Wednesday, March 21, 2007

Am I Creepy?

Ok! Ok! Ok! I admit It, I'm almost 31 years old. I have a wife, a mortgage and I save money for retirement. From time to time I also donate money to non profit groups both because it is the right thing to do and a tax break. One of the groups I give money to is my Alma Mater, which any college educated American should do.

Not only does it contribute to the education of those who come after you, but it helps the school in it's rating and bonding processes to have a high rate of alumni participation. When they say any size gift helps, they mean it. It's like casting a vote for the place where you got your education.

Each dollar we give to our alma maters helps to improve the school so that the whiny, coddled brats of today can have flat screen TV's in the student union and state of the art libraries, gyms and smart classrooms. Unfortunately they don't seem to like it when we're around, even if we're bringing them better facilities. At least one such brat is upset that we didn't get to improving the school faster. You see, he only got to use the brand new multi-million dollar gym and fitness center for one year. Which is of course one year longer then any of the people who dug deep in their pockets to pay for it.

In his article in the student news paper, Adam ZeDouche (not his real name) makes a lot of far reaching and uninformed statements about his school and my alma mater. One look at this numb-nuts and you figure he may just be mad at the world because in 4 years on campus no girls has ever played with his junk, which is enough to make any dork awfully rankled.

Most of what he said was just classic nonsensical urban legend, like our school going from a College to a University which will never happen, but has been talked about as an imminent change since I was a Freshman. That was all just a sign of someone not doing his homework, and I can't figure out why. It's not like this guy was spending the night drinking and fucking... cause that's not on his agenda.

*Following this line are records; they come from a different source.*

lemma bij_betw_affine_preimages:
  fixes t0 t1 :: "'a::field"
  assumes "t0 \<noteq> t1"
  shows "bij_betw (\<lambda>p. ((t0 - snd p) / fst p, (t1 - snd p) / fst p)) {p. fst p \<noteq> 0} {q. fst q \<noteq> snd q}"
proof -
  define f where "f p = ((t0 - snd p) / fst p, (t1 - snd p) / fst p)" for p :: "'a \<times> 'a"
  define g where "g q = ((t1 - t0) / (snd q - fst q), t0 - (t1 - t0) / (snd q - fst q) * fst q)"
    for q :: "'a \<times> 'a"
  have t10: "t1 - t0 \<noteq> 0"
    using assms by simp
  have g_f: "g (f p) = p" if "fst p \<noteq> 0" for p
  proof -
    have "(t1 - snd p) / fst p - (t0 - snd p) / fst p = (t1 - t0) / fst p"
      by (simp add: diff_divide_distrib)
    then show ?thesis
      using that t10 by (simp add: f_def g_def prod_eq_iff)
  qed
  have f_g: "f (g q) = q" if "fst q \<noteq> snd q" for q
  proof -
    define a where "a = (t1 - t0) / (snd q - fst q)"
    have "a \<noteq> 0"
      using that t10 by (simp add: a_def)
    have "g q = (a, t0 - a * fst q)"
      by (simp add: g_def a_def)
    then have "(t - snd (g q)) / fst (g q) = (t - t0) / a + fst q" for t
      using \<open>a \<noteq> 0\<close> by (simp add: field_simps)
    moreover have "(t1 - t0) / a = snd q - fst q"
      using that t10 by (simp add: a_def)
    ultimately show ?thesis
      by (simp add: f_def prod_eq_iff)
  qed
  have "bij_betw f {p. fst p \<noteq> 0} {q. fst q \<noteq> snd q}"
    by (rule bij_betw_byWitness[where f' = g])
       (use g_f f_g t10 assms in \<open>auto simp: f_def g_def divide_cancel_right\<close>)
  then show ?thesis
    unfolding f_def [abs_def] .
qed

He complains that no one has ever heard of the school, outside our small city. One wonders why Captain Fuck Stick chose to come to this school no one had ever heard of? Would Harvard and Georgetown not return your calls, just like every girl you've ever felt all funny inside about? Some of us who have actually been out in the real world for internships and jobs have been doing a great job enhancing the reputation of the school. We've also run into the people who have graduated before us and started the process of making our little affordable school more well known.

I guess he doesn't appreciate the work we've done, or the reputation that we have helped to earn for the school. Why? Because we are creepy. "The only chance we'll have to wander though the new Humanities Center will be as creepy alumni" he says bemoaning the fact that he won't be able to take a class in this fantastic retrofitted building. A building, by the way, that was our shitty old workout center, pool, and gym when I was on campus, and that also housed the bookstore before our great new one was built my sophomore year.

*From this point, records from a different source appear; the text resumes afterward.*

lemma eventually_cball_subset:
  fixes a :: "'a::metric_space"
  assumes "open U" "a \<in> U"
  shows "\<forall>\<^sub>F \<epsilon> in at_right 0. cball a \<epsilon> \<subseteq> U"
proof -
  obtain e where "e > 0" "cball a e \<subseteq> U" using assms open_contains_cball by blast
  then show ?thesis
    by (auto simp: eventually_at_right_field intro!: exI[of _ e] dest: subset_cball)
qed

lemma ennreal_eq_plus_little_o:
  fixes E :: "real \<Rightarrow> ennreal" and a :: "real \<Rightarrow> real"
  assumes lower: "\<And>\<epsilon>. ennreal (a \<epsilon>) \<le> E \<epsilon>" and a: "\<And>\<epsilon>. 0 \<le> a \<epsilon>"
    and upper: "\<forall>\<^sub>F \<epsilon> in at_right 0. E \<epsilon> \<le> ennreal (a \<epsilon> + C * \<epsilon> powr d * \<epsilon> ^ k)"
    and C: "0 \<le> C" and d: "0 < d"
  shows "\<exists>r. r \<in> o[at_right 0](\<lambda>\<epsilon>. \<epsilon> ^ k) \<and> (\<forall>\<^sub>F \<epsilon> in at_right 0. E \<epsilon> = ennreal (a \<epsilon> + r \<epsilon>))"
proof (intro exI conjI)
  define r where "r \<epsilon> = enn2real (E \<epsilon>) - a \<epsilon>" for \<epsilon>
  have pos: "\<forall>\<^sub>F \<epsilon> in at_right (0::real). 0 < \<epsilon>" by (simp add: eventually_at_right_less)
  have r: "\<forall>\<^sub>F \<epsilon> in at_right 0. E \<epsilon> = ennreal (a \<epsilon> + r \<epsilon>) \<and> 0 \<le> r \<epsilon> \<and> r \<epsilon> \<le> C * \<epsilon> powr d * \<epsilon> ^ k"
    using upper pos
  proof eventually_elim
    case (elim \<epsilon>)
    have "0 \<le> a \<epsilon> + C * \<epsilon> powr d * \<epsilon> ^ k" using a[of \<epsilon>] C elim(2) by simp
    moreover have "E \<epsilon> < \<top>" using elim(1) ennreal_less_top le_less_trans by blast
    ultimately have "a \<epsilon> \<le> enn2real (E \<epsilon>)" "enn2real (E \<epsilon>) \<le> a \<epsilon> + C * \<epsilon> powr d * \<epsilon> ^ k"
      and "E \<epsilon> = ennreal (enn2real (E \<epsilon>))"
      using enn2real_mono[OF lower[of \<epsilon>]] enn2real_mono[OF elim(1)] a[of \<epsilon>] by auto
    then show ?case by (simp add: r_def)
  qed
  then show "\<forall>\<^sub>F \<epsilon> in at_right 0. E \<epsilon> = ennreal (a \<epsilon> + r \<epsilon>)" by eventually_elim simp
  show "r \<in> o[at_right 0](\<lambda>\<epsilon>. \<epsilon> ^ k)"
  proof (rule landau_o.smallI)
    fix c :: real assume "c > 0"
    have "((\<lambda>\<epsilon>. \<epsilon> powr d) \<longlongrightarrow> 0) (at_right 0)"
      using d pos by (intro tendsto_zero_powrI tendsto_ident_at tendsto_const) (auto elim: eventually_mono)
    then have "((\<lambda>\<epsilon>. C * \<epsilon> powr d) \<longlongrightarrow> 0) (at_right 0)"
      by (rule tendsto_mult_right_zero)
    then have "\<forall>\<^sub>F \<epsilon> in at_right 0. C * \<epsilon> powr d < c" using \<open>c > 0\<close> by (simp add: order_tendstoD(2))
    with r pos show "\<forall>\<^sub>F \<epsilon> in at_right 0. norm (r \<epsilon>) \<le> c * norm (\<epsilon> ^ k)"
    proof eventually_elim
      case (elim \<epsilon>)
      then have "C * \<epsilon> powr d * \<epsilon> ^ k \<le> c * \<epsilon> ^ k" by (intro mult_right_mono) auto
      then have "r \<epsilon> \<le> c * \<epsilon> ^ k" using elim by linarith
      then show ?case using elim by simp
    qed
  qed
qed

lemma nn_integral_intensity_PiE_balls_le:
  fixes \<epsilon> :: real
  assumes bound: "\<forall>j<n. \<forall>w. (\<forall>i<n. w i \<in> Dn i) \<longrightarrow> w n \<in> Dn j \<longrightarrow> w n \<noteq> w j \<longrightarrow>
                   p w < c2 * cmod (w j - w n) powr (-2 + \<delta>)"
    and j: "j < n" and \<epsilon>: "0 < \<epsilon>" "\<epsilon> \<le> 1/2" and balls: "\<And>i. i < n \<Longrightarrow> ball (z i) \<epsilon> \<subseteq> Dn i"
    and d: "0 < d" "d \<le> \<delta>" "d < 2" and c: "c2 \<le> c" "0 \<le> c"
  shows "(\<integral>\<^sup>+w\<in>PiE {..<Suc n} (\<lambda>i. if i = n then ball (z j) \<epsilon> else ball (z i) \<epsilon>). ennreal (p w)
            \<partial>PiM {..<Suc n} (\<lambda>_. lborel))
    \<le> ennreal (kernel_ball_const d * c * 2 powr d * 4 ^ n * \<epsilon> powr d * \<epsilon> ^ (2 * n))"
proof -
  define B where "B i = ball (z i) \<epsilon>" for i
  define K where "K = kernel_ball_const d * c * (2 * \<epsilon>) powr d"
  have K: "0 \<le> K" using \<epsilon> c kernel_ball_const_nonneg[OF d(1)] by (simp add: K_def)
  have diam: "dist x y < 2 * \<epsilon>" if "x \<in> B j" "y \<in> B j" for x y
    using that dist_triangle_less_add[of x "z j" \<epsilon> y \<epsilon>] by (auto simp: B_def dist_commute)
  have "ennreal (p w) \<le> singular_kernel c d (w j) (w n)"
    if "w \<in> PiE {..<Suc n} (\<lambda>i. if i = n then B j else B i)" for w
    using diam \<epsilon> balls
    by (intro intensity_le_singular_kernel[OF bound j _ _ d(2) c that]) (force simp: B_def)+
  then have "(\<integral>\<^sup>+w\<in>PiE {..<Suc n} (\<lambda>i. if i = n then B j else B i). ennreal (p w) \<partial>PiM {..<Suc n} (\<lambda>_. lborel))
      \<le> (\<integral>\<^sup>+w\<in>PiE {..<Suc n} (\<lambda>i. if i = n then B j else B i).
            singular_kernel c d (w j) (w n) \<partial>PiM {..<Suc n} (\<lambda>_. lborel))"
    by (intro nn_integral_mono) (simp add: indicator_def)
  also have "\<dots> \<le> ennreal K * (\<Prod>i<n. emeasure lborel (B i))"
    unfolding K_def using j \<epsilon> d c diam by (intro nn_integral_PiE_singular_kernel_le) (auto simp: B_def)
  also have "\<dots> \<le> ennreal K * (\<Prod>i<n. ennreal (4 * \<epsilon>\<^sup>2))"
    using \<epsilon> by (intro mult_left_mono prod_mono_ennreal) (auto simp: B_def intro: emeasure_lborel_ball_complex_le)
  also have "\<dots> = ennreal (K * (4 * \<epsilon>\<^sup>2) ^ n)"
  proof -
    have "0 \<le> 4 * \<epsilon>\<^sup>2" by simp
    then show ?thesis
      by (simp only: prod_constant card_lessThan ennreal_power ennreal_mult[OF K zero_le_power])
  qed
  also have "K * (4 * \<epsilon>\<^sup>2) ^ n = kernel_ball_const d * c * 2 powr d * 4 ^ n * \<epsilon> powr d * \<epsilon> ^ (2 * n)"
    using \<epsilon> by (simp add: K_def powr_mult power_mult_distrib power_mult)
  finally show ?thesis unfolding B_def .
qed

lemma nn_integral_prod_ball_counts_le:
  fixes \<epsilon> :: real
  assumes spp: "simple_point_process M D X"
    and Dn: "\<And>i. i < n \<Longrightarrow> Dn i \<subseteq> D"
    and disj: "\<forall>i<n. \<forall>j<n. i \<noteq> j \<longrightarrow> Dn i \<inter> Dn j = {}"
    and intens: "integral_joint_intensity M D X (Suc n) p"
    and bound: "\<forall>j<n. \<forall>w. (\<forall>i<n. w i \<in> Dn i) \<longrightarrow> w n \<in> Dn j \<longrightarrow> w n \<noteq> w j \<longrightarrow>
                   p w < c2 * cmod (w j - w n) powr (-2 + \<delta>)"
    and \<epsilon>: "0 < \<epsilon>" "\<epsilon> \<le> 1/2" and cball: "\<And>i. i < n \<Longrightarrow> cball (z i) \<epsilon> \<subseteq> Dn i"
    and d: "0 < d" "d \<le> \<delta>" "d < 2" and c: "c2 \<le> c" "0 \<le> c"
  shows "(\<integral>\<^sup>+\<omega>. (\<Prod>j<n. pp_count (X \<omega>) (ball (z j) \<epsilon>)) \<partial>M)
    \<le> ennreal (measure M {\<omega>\<in>space M. \<forall>j<n. pp_count (X \<omega>) (ball (z j) \<epsilon>) = 1}
        + real n * kernel_ball_const d * c * 2 powr d * 4 ^ n * \<epsilon> powr d * \<epsilon> ^ (2 * n))"
proof -
  have "prob_space M" and Xfin: "\<And>\<omega> K. \<omega> \<in> space M \<Longrightarrow> compact K \<Longrightarrow> K \<subseteq> D \<Longrightarrow> finite (X \<omega> \<inter> K)"
    and meas: "\<forall>\<Lambda>\<in>sets borel. (\<lambda>\<omega>. pp_count (X \<omega>) \<Lambda>) \<in> borel_measurable M"
    using spp unfolding simple_point_process_def by auto
  interpret prob_space M by fact
  define B where "B i = ball (z i) \<epsilon>" for i
  define Y where "Y = kernel_ball_const d * c * 2 powr d * 4 ^ n * \<epsilon> powr d * \<epsilon> ^ (2 * n)"
  have Y: "0 \<le> Y" using \<epsilon> c kernel_ball_const_nonneg[OF d(1)] by (simp add: Y_def)
  have BD: "B i \<subseteq> Dn i" if "i < n" for i using cball[OF that] by (auto simp: B_def)
  have B_sets: "B i \<in> sets borel" and B_D: "B i \<subseteq> D" and B_bounded: "bounded (B i)" if "i < n" for i
    using BD[OF that] Dn[OF that] by (auto simp: B_def)
  have B_disj: "B i \<inter> B i' = {}" if "i < n" "i' < n" "i \<noteq> i'" for i i'
    using BD[OF that(1)] BD[OF that(2)] disj that by blast
  have B_fin: "finite (X \<omega> \<inter> B i)" if "\<omega> \<in> space M" "i < n" for \<omega> i
  proof -
    have "finite (X \<omega> \<inter> cball (z i) \<epsilon>)"
      using that cball[OF that(2)] Dn[OF that(2)] by (intro Xfin) auto
    then show ?thesis by (rule finite_subset[rotated]) (auto simp: B_def)
  qed
  have "(\<integral>\<^sup>+\<omega>. (\<Prod>j<n. pp_count (X \<omega>) (B j)) \<partial>M)
      \<le> emeasure M {\<omega>\<in>space M. \<forall>j<n. pp_count (X \<omega>) (B j) = 1} +
        (\<Sum>j<n. \<integral>\<^sup>+w\<in>PiE {..<Suc n} (\<lambda>i. if i = n then B j else B i). ennreal (p w)
                 \<partial>PiM {..<Suc n} (\<lambda>_. lborel))"
    by (rule nn_integral_prod_pp_count_le[OF intens meas B_sets B_D B_disj B_bounded B_fin])
  also have "\<dots> \<le> emeasure M {\<omega>\<in>space M. \<forall>j<n. pp_count (X \<omega>) (B j) = 1} + (\<Sum>j<n. ennreal Y)"
    unfolding B_def Y_def using \<epsilon> d c BD
    by (intro add_left_mono sum_mono nn_integral_intensity_PiE_balls_le[OF bound]) (auto simp: B_def)
  also have "(\<Sum>j<n. ennreal Y) = ennreal (real n * Y)"
    by (simp add: ennreal_of_nat_eq_real_of_nat ennreal_mult'[symmetric])
  finally show ?thesis
    using Y by (simp add: B_def Y_def emeasure_eq_measure ennreal_plus mult.assoc)
qed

That's called progress, and sometimes the only way you get to see the progress is after you've graduated. You walk around campus with your college friends and reminisce about what things were like when you were there. If that makes us creepy already then I'm running out and getting a trench coat so I can start flashing people. I might as well earn it, something this kid will have to become familiar with once he's out in the big, bad world. Douche!